If getting his debut made was unlikely, getting it seen was borderline miraculous.
“I finish it, I submit it to every festival and get rejected from every festival. Every festival. I mean, I started with Sundance, and then Berlin, and ding ding ding [makes bullet-point/list gesture] all the way down to the Hot Springs Arkansas Film Festival, who reject one film every five years, and they rejected my film.

“But a friend of a friend was a publicist and she watched the film and she had an emotional reaction and wanted to help. And she said, ‘I do the publicity at a very small film festival in LA called the LA Independent Film Festival.‘ This was the fourth year she was going to do it for free and she says to them, ‘My fee is that you have to put this film in the festival.’ And she told the director of the festival, showed it to him. He did not like it.

“But he gave it one screening on Saturday at 10.30 in the morning in a small theater. But she’d chosen it to be one of the three films to press screen, and it got a big reaction, so there was a line around the block. And I got to watch it with an audience and so long as I live there will not be a more gratifying experience.

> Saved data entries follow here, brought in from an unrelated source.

(* If $H$ is a hyperplane in $\mathbb{R}^n$ and $0<b<1$, the Brock set map $\diamond_{B_H}$ with parameter $b$ cannot be weakly approximated on the class $\mathcal K^n_n$ of convex bodies by finite compositions of polarizations with respect to hyperplanes parallel to $H$.
   Context: For $H=u^\perp+t_0u$ oriented by the unit vector $u$, the Brock set map with parameter $b\in[0,1]$ maps a convex body $K$ to the set obtained by translating orthogonally to $H$ each chord of $K$ orthogonal to $H$, with midpoint at height $t$ (i.e. $\langle\cdot,u\rangle=t$), so that its midpoint lies at height $(1-b)t_0+bt$. Set polarization with respect to an oriented hyperplane $G$ (closed halfspaces $G^\pm$, reflection $A^\dagger$): $(P_GA)\cap G^+=(A\cup A^\dagger)\cap G^+$, $(P_GA)\cap G^-=(A\cap A^\dagger)\cap G^-$. Weak approximability on $\mathcal E$ by maps in $\mathcal G$: for every $A\in\mathcal E$ there are $\diamond_{A,k}\in\mathcal G$ with $\|1_{\diamond_{A,k}A}-1_{\diamond A}\|_1\to0$. *)

theory Defs
  imports "HOL-Analysis.Analysis"
begin

definition convex_body :: "'a::euclidean_space set \<Rightarrow> bool" where
  "convex_body K \<longleftrightarrow> compact K \<and> convex K \<and> interior K \<noteq> {}"

definition chord_heights :: "'a::euclidean_space \<Rightarrow> 'a set \<Rightarrow> 'a \<Rightarrow> real set" where
  "chord_heights u A y = {z \<bullet> u | z. z \<in> A \<and> z - (z \<bullet> u) *\<^sub>R u = y - (y \<bullet> u) *\<^sub>R u}"

definition chord_mid :: "'a::euclidean_space \<Rightarrow> 'a set \<Rightarrow> 'a \<Rightarrow> real" where
  "chord_mid u A y = (Sup (chord_heights u A y) + Inf (chord_heights u A y)) / 2"

text \<open>Brock set map for H = u-perp + t0 u (u a unit vector) with parameter b: each chord
  orthogonal to H with midpoint at height t is translated along u so that its midpoint lies at
  height (1-b) t0 + b t.\<close>
definition brock :: "'a::euclidean_space \<Rightarrow> real \<Rightarrow> real \<Rightarrow> 'a set \<Rightarrow> 'a set" where
  "brock u t0 b A = {y + ((1 - b) * (t0 - chord_mid u A y)) *\<^sub>R u | y. y \<in> A}"

text \<open>Oriented hyperplane G = {x. x \<bullet> v = s}, oriented by the unit vector v:
  closed halfspaces G+ = {x \<bullet> v \<ge> s}, G- = {x \<bullet> v \<le> s}; reflection in G.\<close>
definition refl_hp :: "'a::euclidean_space \<Rightarrow> real \<Rightarrow> 'a \<Rightarrow> 'a" where
  "refl_hp v s x = x - (2 * (x \<bullet> v - s)) *\<^sub>R v"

“It can’t happen again, it was such a transcendent experience. And then it sold, it got invited to every festival. It went to Berlin that had rejected it, it won top prize at the international Forum, it got a theatrical release, HBO bought it, it won an Emmy.”

blankHard to believe but his narrative debut, and only second film ever, was “Capote,” which won his old friend Philip Seymour Hoffman his only Oscar, was written by another friend, Dan Futterman, and was based on the same New Yorker story as rival project “Infamous,” which was in development at the same time.
“Turns out that someone else had read that article also! And now there were two movies that were about the same exact thing. My friend said, ‘maybe we could beat it, if you direct it.’ So I just kept trying to take one step and if I was successful in that first step, I’d take a second step. And so my first step was I called up Philip Seymour Hoffman, and asked him to read the script (we did a theater program together at 16, and were very good friends).”

With the Oscar win it seems like a no-brainer, but looking back on it, casting Hoffman as Capote was pretty strange.
“When I think back on it, I think it was totally insane. Capote was 5′ 2”, Phil was 5’10″1/2, he weighed about 240 lbs, and had a deep voice, thick wrists like a wrestler or a football player — like a jock. He did have the right color hair, though. But he was an amazing actor. And I said, ‘We could do things to make you look smaller.’ Everyone was put on boxes, we cast really big people, the costume designer made tight shoulders that squeezed him so his head looked bigger in proportion to his body.

“But the main thing is the character’s interior and without getting too deep into it, there are lots of parallels in Phil’s life. Which I knew and only became more evident with time. There was something about that character that he could own that nobody else could.”